What Is the SEIR Model?
The SEIR model is the workhorse of infectious disease modeling. It divides a population into four compartments — Susceptible, Exposed (infected but not yet infectious), Infected, and Recovered — and tracks the flow of people between them over time. A susceptible person becomes exposed after contact with an infectious one. An exposed person becomes infectious after an incubation period. An infectious person becomes recovered (or deceased) after a recovery period.
This is a stub pillar page. The full guide will cover SEIR assumptions, extensions (SEIRD, age-structured SEIR, vaccinated compartments), limitations, and the spatial agent-based implementation. Use the browser simulators below to build intuition before reading the details.
The Core Flow
- S → E. Susceptible contacts an infectious person; transmission happens with probability β per contact.

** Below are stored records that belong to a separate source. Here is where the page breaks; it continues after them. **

abbreviation \<tau> :: "nat \<Rightarrow> 'n option \<Rightarrow> int" where
  "\<tau> \<nu> \<equiv> homog_coord (p \<nu>) (a \<nu>)"

abbreviation W :: "nat \<Rightarrow> 'n option \<Rightarrow> 'n option \<Rightarrow> int" where
  "W \<nu> \<equiv> wedge (\<tau> \<nu>) (\<tau> (Suc \<nu>))"

abbreviation \<delta> :: "nat \<Rightarrow> 'n option \<Rightarrow> real" where
  "\<delta> \<nu> \<equiv> \<lambda>k. real_of_int (p (Suc \<nu>)) * \<epsilon> \<nu> k - real_of_int (p \<nu>) * \<epsilon> (Suc \<nu>) k"

lemma p_ge_1: "1 \<le> p \<nu>"
  using best unfolding best_approx_def by blast

lemma p_less_Suc: "p \<nu> < p (Suc \<nu>)"
  using mono by (simp add: strict_mono_def)

lemma index_le_p: "real \<nu> \<le> real_of_int (p \<nu>)"
proof (induction \<nu>)
  case 0
  show ?case
    using p_ge_1[of 0] by simp
next
  case (Suc \<nu>)
  then show ?case
    using p_less_Suc[of \<nu>] by simp
qed

lemma err_less: "\<nu> < \<mu> \<Longrightarrow> f (\<xi> \<mu>) < f (\<xi> \<nu>)"
  using best_approx_err_less[OF best p_ge_1] mono by (simp add: strict_mono_def)

lemma err_le_first: "f (\<xi> \<nu>) \<le> f (\<xi> 0)"
  using err_less[of 0 \<nu>] by (cases \<nu>) auto

lemma abs_eps_le: "\<bar>\<epsilon> \<nu> k\<bar> \<le> f (\<xi> \<nu>) / m"
proof -
  have "m * \<bar>\<epsilon> \<nu> k\<bar> \<le> f (\<xi> \<nu>)"
    using mult_left_mono[OF abs_err_coord_le, of m "\<xi> \<nu>" k] m_pos norm_le[of "\<xi> \<nu>"]
    by linarith
  with m_pos show ?thesis
    by (simp add: field_simps)
qed

lemma abs_eps_le_first: "\<bar>\<epsilon> \<nu> k\<bar> \<le> f (\<xi> 0) / m"
  using abs_eps_le err_le_first m_pos by (meson divide_right_mono order_trans less_imp_le)
lemma ext_lobe_attach:
  "N \<in> Lobes \<Longrightarrow> N \<noteq> L0 \<Longrightarrow> ext_lobe N \<noteq> L \<and> B.attach (ext_lobe N) = ext_map N (A.attach N)"
proof (induction "A.rank N" arbitrary: N rule: less_induct)
  case less
  define M where "M = A.parent N"
  define c where "c = A.attach N"
  have M: "M \<in> Lobes" "c \<in> \<Union>M" "M \<noteq> L0 \<Longrightarrow> A.attach M \<noteq> c"
    using A.parent[OF less.prems] unfolding M_def c_def by auto
  note iso = extend_orbit_iso[OF M(1)]
  have N': "ext_lobe N \<in> Lobes" "ext_map M c \<in> \<Union>(ext_lobe N)" "ext_lobe N \<noteq> ext_lobe M"
    "ext_map N c = ext_map M c"
    using extend_matching[OF less.prems] unfolding M_def c_def lobes_at_def by auto
  have "ext_lobe M = L \<or> B.attach (ext_lobe M) \<noteq> ext_map M c"
  proof (cases "M = L0")
    case False
    then have "B.attach (ext_lobe M) = ext_map M (A.attach M)"
      using less.hyps[OF A.rank_parent_less[OF less.prems]] M(1) unfolding M_def by blast
    moreover have "A.attach M \<in> \<Union>M" using A.attach(1)[OF M(1) False] .
    ultimately show ?thesis using orbit_isoD(2)[OF conjunct2[OF iso]] M(2,3) False
      by (auto dest: inj_onD)
  qed (simp add: extend_root)
  moreover have "ext_map M c \<in> \<Union>(ext_lobe M)" using orbit_isoD(3)[OF conjunct2[OF iso]] M(2) by blast
  ultimately show ?case
    using B.attach_eq_shared_vertex[OF N'(1) conjunct1[OF iso] N'(3) N'(2)] N'(4) unfolding c_def by auto
qed

lemma ext_lobe_above:
  assumes M: "M \<in> Lobes" "c \<in> \<Union>M" "M = L0 \<or> A.attach M \<noteq> c"
  shows "ext_lobe M = L \<or> B.attach (ext_lobe M) \<noteq> ext_map M c"
proof (cases "M = L0")
  case False
  then show ?thesis
    using ext_lobe_attach[OF M(1) False] A.attach(1)[OF M(1) False] M(2,3)
      orbit_isoD(2)[OF conjunct2[OF extend_orbit_iso[OF M(1)]]] by (auto dest: inj_onD)
qed (simp add: extend_root)

lemma ext_lobe_parent:
  assumes N: "N \<in> Lobes" "N \<noteq> L0"
  shows "B.parent (ext_lobe N) = ext_lobe (A.parent N)"
proof -
  define M where "M = A.parent N"
  have M: "M \<in> Lobes" "A.attach N \<in> \<Union>M" "M = L0 \<or> A.attach M \<noteq> A.attach N"
    using A.parent[OF N] unfolding M_def by auto
  note iso = extend_orbit_iso[OF M(1)]
  show ?thesis
    using B.parent_eq_shared[of "ext_lobe N" "ext_lobe M" "ext_map M (A.attach N)"] extend_matching[OF N]
      ext_lobe_above[OF M] conjunct1[OF iso] orbit_isoD(3)[OF conjunct2[OF iso]] M(2)
    unfolding M_def lobes_at_def by auto
qed

definition ext_aut :: "'a \<Rightarrow> 'a" where
  "ext_aut x = ext_map (A.home x) x"

lemma ext_aut_eq: "N \<in> Lobes \<Longrightarrow> x \<in> \<Union>N \<Longrightarrow> ext_aut x = ext_map N x"
proof (induction "A.rank N" arbitrary: N rule: less_induct)
  case less
  show ?case
  proof (cases "N \<noteq> L0 \<and> x = A.attach N")
    case True
    then have "ext_aut x = ext_map (A.parent N) x"
      using less A.rank_parent_less A.parent(1,2) by blast
    then show ?thesis using extend_matching(2)[OF less.prems(1)] True by simp
  next
    case False
    then have "A.home x = N" using A.home_eqI[OF less.prems] by blast
    then show ?thesis unfolding ext_aut_def by simp
  qed
qed

lemma home_ext_aut: "x \<in> V \<Longrightarrow> B.home (ext_aut x) = ext_lobe (A.home x)"
proof -
  assume x: "x \<in> V"
  define N where "N = A.home x"
  have N: "N \<in> Lobes" "x \<in> \<Union>N" "N = L0 \<or> A.attach N \<noteq> x" using A.home[OF x] unfolding N_def by auto
  note iso = extend_orbit_iso[OF N(1)]
  show ?thesis
    using B.home_eqI[OF conjunct1[OF iso] _ ext_lobe_above[OF N]] orbit_isoD(3)[OF conjunct2[OF iso]]
      N(2) unfolding ext_aut_def N_def by blast
qed

lemma ext_lobe_inj: "N1 \<in> Lobes \<Longrightarrow> N2 \<in> Lobes \<Longrightarrow> ext_lobe N1 = ext_lobe N2 \<Longrightarrow> N1 = N2"
proof (induction "A.rank N1" arbitrary: N1 N2 rule: less_induct)
  case less
  note N1 = less.prems(1) and N2 = less.prems(2) and eq = less.prems(3)
  show ?case
  proof (cases "N1 = L0 \<or> N2 = L0")
    case True
    then show ?thesis using ext_lobe_attach extend_root N1 N2 eq by metis
  next
    case False
    then have n: "N1 \<noteq> L0" "N2 \<noteq> L0" by auto
    have "ext_lobe (A.parent N1) = ext_lobe (A.parent N2)" using ext_lobe_parent N1 N2 n eq by metis
    then have M: "A.parent N1 = A.parent N2"
      using less.hyps[OF A.rank_parent_less[OF N1 n(1)] A.parent(1)[OF N1 n(1)] A.parent(1)[OF N2 n(2)]]
      by blast
    define M1 where "M1 = A.parent N1"
    have "ext_map M1 (A.attach N1) = ext_map M1 (A.attach N2)"
      using ext_lobe_attach N1 N2 n eq extend_matching(2) M unfolding M1_def by metis
    then have c: "A.attach N1 = A.attach N2"
      using orbit_isoD(2)[OF conjunct2[OF extend_orbit_iso[OF A.parent(1)[OF N1 n(1)]]]]
        A.parent(2)[OF N1 n(1)] A.parent(2)[OF N2 n(2)] M unfolding M1_def by (auto dest: inj_onD)
    let ?m = "matching (A.attach N1) M1 (ext_lobe M1) (ext_map M1)"
    have "bij_betw (fst ?m) (lobes_at (A.attach N1) - {M1})
        (lobes_at (ext_map M1 (A.attach N1)) - {ext_lobe M1})"
      using matching[OF A.parent(1,2)[OF N1 n(1)]] extend_orbit_iso[OF A.parent(1)[OF N1 n(1)]]
      unfolding lobe_matching_def M1_def by blast
    moreover have "N1 \<in> lobes_at (A.attach N1) - {M1}" "N2 \<in> lobes_at (A.attach N1) - {M1}"
      using A.attach(1)[OF N1 n(1)] A.attach(1)[OF N2 n(2)]
        A.parent(3)[OF N1 n(1)] A.parent(3)[OF N2 n(2)]
        N1 N2 c M unfolding M1_def lobes_at_def by auto
    moreover have "fst ?m N1 = fst ?m N2" using extend_step(1) N1 N2 n eq c M unfolding M1_def by metis
    ultimately show ?thesis by (auto dest: bij_betw_imp_inj_on inj_onD)
  qed
qed

lemma ext_lobe_surj: "N' \<in> Lobes \<Longrightarrow> \<exists>N\<in>Lobes. ext_lobe N = N'"
proof (induction "B.rank N'" arbitrary: N' rule: less_induct)
  case less
  show ?case
  proof (cases "N' = L")
    case True
    then show ?thesis using extend_root L0 by blast
  next
    case False
    note N' = less.prems False
    obtain M where M: "M \<in> Lobes" "ext_lobe M = B.parent N'"
      using less.hyps[OF B.rank_parent_less[OF N']] B.parent(1)[OF N'] by blast
    note iso = conjunct2[OF extend_orbit_iso[OF M(1)]]
    obtain c where c: "c \<in> \<Union>M" "B.attach N' = ext_map M c"
      using orbit_isoD(3)[OF iso] B.parent(2)[OF N'] M(2) by blast
    have M_above: "M = L0 \<or> A.attach M \<noteq> c"
    proof (cases "M = L0")
      case False
      then have "B.parent N' \<noteq> L" "B.attach (B.parent N') = ext_map M (A.attach M)"
        using ext_lobe_attach[OF M(1)] M(2) by auto
      then show ?thesis using B.parent(4)[OF N'] c(2) by auto
    qed simp
    let ?m = "matching c M (ext_lobe M) (ext_map M)"
    have "bij_betw (fst ?m) (lobes_at c - {M}) (lobes_at (ext_map M c) - {ext_lobe M})"
      using matching[OF M(1) c(1)] extend_orbit_iso[OF M(1)] unfolding lobe_matching_def by blast
    moreover have "N' \<in> lobes_at (ext_map M c) - {ext_lobe M}"
      using N' B.attach(1)[OF N'] B.parent(3)[OF N'] M(2) c(2) unfolding lobes_at_def by auto
    ultimately have "N' \<in> fst ?m ` (lobes_at c - {M})" by (simp add: bij_betw_def)
    then obtain N where N: "N \<in> Lobes" "c \<in> \<Union>N" "N \<noteq> M" "fst ?m N = N'"
      unfolding lobes_at_def by blast
    have "N \<noteq> L0" "A.attach N = c" "A.parent N = M"
      using A.attach_eq_shared_vertex[OF N(1) M(1) N(3) N(2) c(1) M_above]
        A.parent_eq_shared[OF N(1) M(1) N(3) N(2) c(1) M_above] by auto
    then show ?thesis using extend_step(1)[OF N(1)] N by auto
  qed
qed

lemma ext_aut_inj: "x1 \<in> V \<Longrightarrow> x2 \<in> V \<Longrightarrow> ext_aut x1 = ext_aut x2 \<Longrightarrow> x1 = x2"
proof -
  assume x: "x1 \<in> V" "x2 \<in> V" "ext_aut x1 = ext_aut x2"
  then have "A.home x1 = A.home x2" using home_ext_aut ext_lobe_inj A.home by metis
  then show "x1 = x2"
    using x A.home[OF x(1)] A.home[OF x(2)] orbit_isoD(2)[OF conjunct2[OF extend_orbit_iso]]
    unfolding ext_aut_def by (metis inj_onD)
qed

- E → I. Exposed becomes infectious after the incubation period (1/σ).
- I → R. Infectious recovers (or dies) after the infectious period (1/γ). R₀ = β/γ.
Why SEIR and Not SIR
For diseases where the incubation period is short compared to the epidemic timescale, SIR is adequate. For everything else — COVID-19, measles, Ebola, many sexually transmitted infections — the lag between infection and infectiousness matters enormously. Skipping the E compartment makes the model predict faster-than-real dynamics because it assumes every newly infected person can immediately transmit.
From ODE to Agent-Based
The classic SEIR is a system of four ordinary differential equations. It assumes the population is well-mixed — every S has equal chance of encountering every I. This is wildly wrong in practice. An agent-based SEIR keeps the same compartments but places the agents on a grid or network, so transmission depends on proximity or contact structure. The curves look similar on average, but spatial SEIR produces wavefronts, refugia, and late-stage plateaus that the ODE model misses entirely.
Extensions That Matter
- SEIRD — adds a Deceased compartment. Required for mortality tracking.
- Age-structured SEIR — separate compartments by age band, with age-specific contact matrices and severity rates.
- SEIRV — adds a Vaccinated compartment that flows directly from S to R (or S to a protected version of S).
- Variant-aware SEIR — multiple I compartments for different variants, each with its own R₀ and cross-immunity coefficients.